We talked about some of this in our small discussion groups but we mainly focused on race and policing. Regarding that topic, we talked about how white criminals get painted as having a bad life and having no other outlet for their feelings other than committing crimes but when it's a person of color they paint them as ruthless criminals even if it was a petty offense. This socially creates a divide in how we approach each case based off the color of the criminal’s skin and/or cultural background.

I really like today’s topic because it touched on the assumptions people make based on how someone or a group of people look. The Sikhs, just like the Japanese after Pearl Harbor, were deliberately targeted because of a crime they did not partake in at any point. Even to this day Islamophobia is deeply ingrained into the mindsets of many people. Maybe in not obvious ways but just by feeling insecure when someone with a turban walks by or having to do an extra search at an airport just because someone has brown skin and a beard. Racism is not about blunt expressions but about the micro-aggressions in everyday situations.  

Tomorrow we will be talking about sexuality and gender and how they are both a social construct yet they affect the lives of everyone. Mostly the people that don’t fit into a binary like gender is perceived.

1 comment:

  1. Something you might bring up in your class was how, through the years, recent immigrants turned on other immigrants.
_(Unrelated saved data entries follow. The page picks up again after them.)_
lemma is_tree_decomposition_star:
  fixes c :: nat
  assumes "\<forall>i<c. L i \<subseteq> V" and "C \<subseteq> V"
    and "\<forall>e\<in>E. e \<subseteq> C \<or> (\<exists>i<c. e \<subseteq> L i)"
    and "\<forall>v\<in>V. v \<in> C \<or> (\<exists>!i. i < c \<and> v \<in> L i)"
  shows "is_tree_decomposition V E {0..c} ((\<lambda>i. {i, c}) ` {0..<c})
           (\<lambda>x. if x < c then L x else C)"
proof -
  let ?B = "\<lambda>x. if x < c then L x else C"
  let ?TE = "(\<lambda>i. {i, c}) ` {0..<c}"
  have cover: "\<exists>x\<in>{0..c}. e \<subseteq> ?B x" if "e \<in> E" for e
  proof -
    have "e \<subseteq> C \<or> (\<exists>i<c. e \<subseteq> L i)"
      using assms(3) that by blast
    then show ?thesis
    proof
      assume "e \<subseteq> C"
      then show ?thesis by (intro bexI[of _ c]) auto
    next
      assume "\<exists>i<c. e \<subseteq> L i"
      then obtain i where "i < c" "e \<subseteq> L i" by blast
      then show ?thesis by (intro bexI[of _ i]) auto
    qed
  qed
  have connected: "{x\<in>{0..c}. v \<in> ?B x} \<noteq> {} \<and> induced_connected {x\<in>{0..c}. v \<in> ?B x} ?TE"
    if "v \<in> V" for v
  proof (cases "v \<in> C")
    case True
    then have centre: "c \<in> {x\<in>{0..c}. v \<in> ?B x}"
      by simp
    have "induced_connected {x\<in>{0..c}. v \<in> ?B x} ?TE"
      by (rule induced_connected_star[OF centre]) force
    with centre show ?thesis
      by blast
  next
    case False
    with assms(4) that have "\<exists>!i. i < c \<and> v \<in> L i"
      by blast
    then obtain i where "i < c" "v \<in> L i" and unique: "\<And>j. j < c \<and> v \<in> L j \<Longrightarrow> j = i"
      by (elim ex1E) blast
    have "{x\<in>{0..c}. v \<in> ?B x} = {i}"
    proof (intro equalityI subsetI)
      fix x assume "x \<in> {x\<in>{0..c}. v \<in> ?B x}"
      with False have "x < c \<and> v \<in> L x"
        by (auto split: if_splits)
      then show "x \<in> {i}"
        using unique by blast
    qed (use \<open>i < c\<close> \<open>v \<in> L i\<close> in auto)
    then show ?thesis
      using induced_connected_star[of i "{i}"] by simp
  qed
  show ?thesis
    unfolding is_tree_decomposition_def
    using is_tree_star cover connected assms(1,2) by auto
qed

lemma treewidth_less_card_diff_independent:
  fixes V :: "'a set"
  assumes "finite V" and "is_graph V E" and "I \<subseteq> V" and "I \<noteq> {}"
    and independent: "\<forall>e\<in>E. \<not> e \<subseteq> I"
    and non_neighbour: "\<forall>v\<in>I. \<exists>u\<in>V - I. {v, u} \<notin> E"
  shows "treewidth V E < card (V - I)"
proof -
  define c where "c = card I"
  obtain h where h: "bij_betw h {0..<c} I"
    using ex_bij_betw_nat_finite finite_subset[OF \<open>I \<subseteq> V\<close> \<open>finite V\<close>] c_def by blast
  define N where "N v = {u. {v, u} \<in> E}" for v
  define L where "L i = insert (h i) (N (h i))" for i
  have hI: "h i \<in> I" if "i < c" for i
    using h that by (auto simp: bij_betw_def)
  have N_outside: "N v \<subseteq> V - I" if "v \<in> I" for v
  proof
    fix u assume "u \<in> N v"
    then have "{v, u} \<in> E"
      by (simp add: N_def)
    then show "u \<in> V - I"
      using assms(2) independent that by (auto simp: is_graph_def)
  qed
  have cover: "e \<subseteq> V - I \<or> (\<exists>i<c. e \<subseteq> L i)" if "e \<in> E" for e
  proof -
    obtain x y where e: "e = {x, y}"
      using assms(2) \<open>e \<in> E\<close> by (auto simp: is_graph_def card_2_iff)
    have covered_at: "\<exists>i<c. e \<subseteq> L i" if "z \<in> I" "e = {z, w}" for z w
    proof -
      obtain i where "i < c" "h i = z"
        using h \<open>z \<in> I\<close> by (auto simp: bij_betw_def)
      then show ?thesis
        using \<open>e \<in> E\<close> that(2) by (auto simp: L_def N_def)
    qed
    show ?thesis
      using covered_at[of x y] covered_at[of y x] e assms(2) \<open>e \<in> E\<close>
      by (auto simp: is_graph_def insert_commute)
  qed
  have unique_leaf: "\<exists>!i. i < c \<and> v \<in> L i" if "v \<in> I" for v
  proof -
    have "v \<in> L i \<longleftrightarrow> h i = v" if "i < c" for i
      using N_outside[OF hI[OF that]] \<open>v \<in> I\<close> by (auto simp: L_def)
    moreover have "\<exists>!i. i \<in> {0..<c} \<and> h i = v"
      using h \<open>v \<in> I\<close> by (auto simp: bij_betw_def inj_on_def)
    ultimately show ?thesis
      by auto
  qed
  have td: "is_tree_decomposition V E {0..c} ((\<lambda>i. {i, c}) ` {0..<c})
              (\<lambda>x. if x < c then L x else V - I)"
    by (rule is_tree_decomposition_star)
      (use hI N_outside cover unique_leaf \<open>I \<subseteq> V\<close> in \<open>auto simp: L_def\<close>)
  have leaf_card: "card (L i) \<le> card (V - I)" if "i < c" for i
  proof -
    obtain u where "u \<in> V - I" "{h i, u} \<notin> E"
      using non_neighbour hI[OF \<open>i < c\<close>] by blast
    then have "N (h i) \<subseteq> (V - I) - {u}"
      using N_outside hI[OF \<open>i < c\<close>] by (auto simp: N_def)
    then have "card (N (h i)) \<le> card (V - I) - 1"
      using \<open>u \<in> V - I\<close> \<open>finite V\<close> by (metis card_Diff_singleton card_mono finite_Diff)
    moreover have "card (V - I) \<ge> 1"
      using \<open>u \<in> V - I\<close> \<open>finite V\<close> by (metis One_nat_def Suc_leI card_gt_0_iff empty_iff finite_Diff)
    ultimately show ?thesis
      by (simp add: L_def card_insert_le_m1)
  qed
  have "Max ((\<lambda>x. card (if x < c then L x else V - I)) ` {0..c}) \<le> card (V - I)"
    using leaf_card by (auto intro: Max.boundedI)
  moreover have "card (V - I) \<noteq> 0"
    using non_neighbour \<open>I \<noteq> {}\<close> \<open>finite V\<close> by auto
  ultimately have "td_width {0..c} (\<lambda>x. if x < c then L x else V - I) < card (V - I)"
    unfolding td_width_def by linarith
  then show ?thesis
    using treewidth_le_td_width[OF td] by linarith
qed

lemma card_subsets_with_trace:
  assumes "finite U" and "S \<subseteq> U" and "T \<subseteq> S" and "card T \<le> k"
  shows "card {K. K \<subseteq> U \<and> card K = k \<and> K \<inter> S = T} = card (U - S) choose (k - card T)"
proof -
  let ?X = "{K. K \<subseteq> U \<and> card K = k \<and> K \<inter> S = T}"
  let ?Y = "{L. L \<subseteq> U - S \<and> card L = k - card T}"
  have "finite T"
    using assms(1-3) by (meson finite_subset)
  have "bij_betw (\<lambda>K. K - T) ?X ?Y"
  proof (rule bij_betw_byWitness[where f' = "\<lambda>L. L \<union> T"])
    show "\<forall>K\<in>?X. K - T \<union> T = K" and "\<forall>L\<in>?Y. L \<union> T - T = L"
      using assms(3) by blast+
    show "(\<lambda>K. K - T) ` ?X \<subseteq> ?Y"
    proof
      fix L assume "L \<in> (\<lambda>K. K - T) ` ?X"
      then obtain K where K: "K \<subseteq> U" "card K = k" "K \<inter> S = T" "L = K - T"
        by blast
      then have "card L = k - card T"
        using \<open>finite U\<close> by (metis card_Diff_subset finite_subset inf_le1)
      moreover have "L \<subseteq> U - S"
        using K by blast
      ultimately show "L \<in> ?Y"
        by blast
    qed
    show "(\<lambda>L. L \<union> T) ` ?Y \<subseteq> ?X"
    proof
      fix K assume "K \<in> (\<lambda>L. L \<union> T) ` ?Y"
      then obtain L where L: "L \<subseteq> U - S" "card L = k - card T" "K = L \<union> T"
        by blast
      have "finite L"
        using L(1) \<open>finite U\<close> by (meson finite_Diff finite_subset)
      moreover have "L \<inter> T = {}"
        using L(1) assms(3) by blast
      ultimately have "card K = k"
        using L(2,3) assms(4) \<open>finite T\<close> by (simp add: card_Un_disjoint)
      moreover have "K \<subseteq> U" and "K \<inter> S = T"
        using L(1,3) assms(2,3) by blast+
      ultimately show "K \<in> ?X"
        by blast
    qed
  qed
  then have "card ?X = card ?Y"
    by (rule bij_betw_same_card)
  also have "\<dots> = card (U - S) choose (k - card T)"
    using \<open>finite U\<close> by (simp add: n_subsets)
  finally show ?thesis .
qed

lemma card_traces_le_card_Int:
  assumes "finite S" and "finite v"
  shows "card (v \<inter> S) + card (w \<inter> S) \<le> card S + card (v \<inter> w)"
proof -
  have "card (v \<inter> S) + card (w \<inter> S) = card (v \<inter> S \<union> w \<inter> S) + card (v \<inter> S \<inter> (w \<inter> S))"
    using assms by (intro card_Un_Int) auto
  moreover have "card (v \<inter> S \<union> w \<inter> S) \<le> card S"
    using assms by (intro card_mono) auto
  moreover have "card (v \<inter> S \<inter> (w \<inter> S)) \<le> card (v \<inter> w)"
    using assms by (intro card_mono) auto
  ultimately show ?thesis
    by linarith
qed

lemma exists_subset_exchanging_trace:
  assumes "finite U" and "v \<subseteq> U" and "j \<le> card (v \<inter> S)" and "j \<le> card (U - (v \<union> S))"
  shows "\<exists>u\<subseteq>U. card u = card v \<and> card (u \<inter> S) = card (v \<inter> S) - j \<and> card (u \<inter> v) = card v - j"
proof -
  have "finite v"
    using assms(2,1) by (rule finite_subset)
  obtain D where D: "D \<subseteq> v \<inter> S" "card D = j"
    using obtain_subset_with_card_n[OF assms(3)] by blast
  obtain A where A: "A \<subseteq> U - (v \<union> S)" "card A = j"
    using obtain_subset_with_card_n[OF assms(4)] by blast
  have "finite D" "finite A"
    using D A \<open>finite v\<close> \<open>finite U\<close> by (meson finite_Diff finite_Int finite_subset)+
  define u where "u = (v - D) \<union> A"
  have "j \<le> card v"
    using assms(3) \<open>finite v\<close> by (meson card_mono inf_le1 le_trans)
  have "card u = card (v - D) + card A"
    using A \<open>finite v\<close> \<open>finite A\<close> by (auto simp: u_def intro: card_Un_disjoint)
  also have "\<dots> = card v"
    using D A \<open>finite D\<close> \<open>j \<le> card v\<close> by (simp add: card_Diff_subset)
  finally have "card u = card v" .
  moreover have "card (u \<inter> S) = card (v \<inter> S) - j"
  proof -
    have "u \<inter> S = (v \<inter> S) - D"
      using D A by (auto simp: u_def)
    then show ?thesis
      using D \<open>finite D\<close> by (simp add: card_Diff_subset)
  qed
  moreover have "card (u \<inter> v) = card v - j"
  proof -
    have "u \<inter> v = v - D"
      using D A by (auto simp: u_def)
    then show ?thesis
      using D \<open>finite D\<close> by (simp add: card_Diff_subset)
  qed
  moreover have "u \<subseteq> U"
    using assms(2) A by (auto simp: u_def)
  ultimately show ?thesis
    by blast
qed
We’re not talking about today or yesterday but back in the 1800’s.

    In New York City there was a fierce backlash against the Irish that were pouring in during the 1860’s. Even though most of the ‘Americans’ had only been in the US for a single generation, they could not abide these new immigrants coming into ‘their’ country.

    Talk about how we discriminated against Asians from the 1850’s through the 1930’s. In San Francisco they used to burn down the Chinatowns and Japantowns and often lynched people with yellow skin. We had strict immigration laws against people from Asia. Angel Island was the Ellis Island of the West Coast and was full of Asians who were trapped here either being allowed to stay or having the means to return home.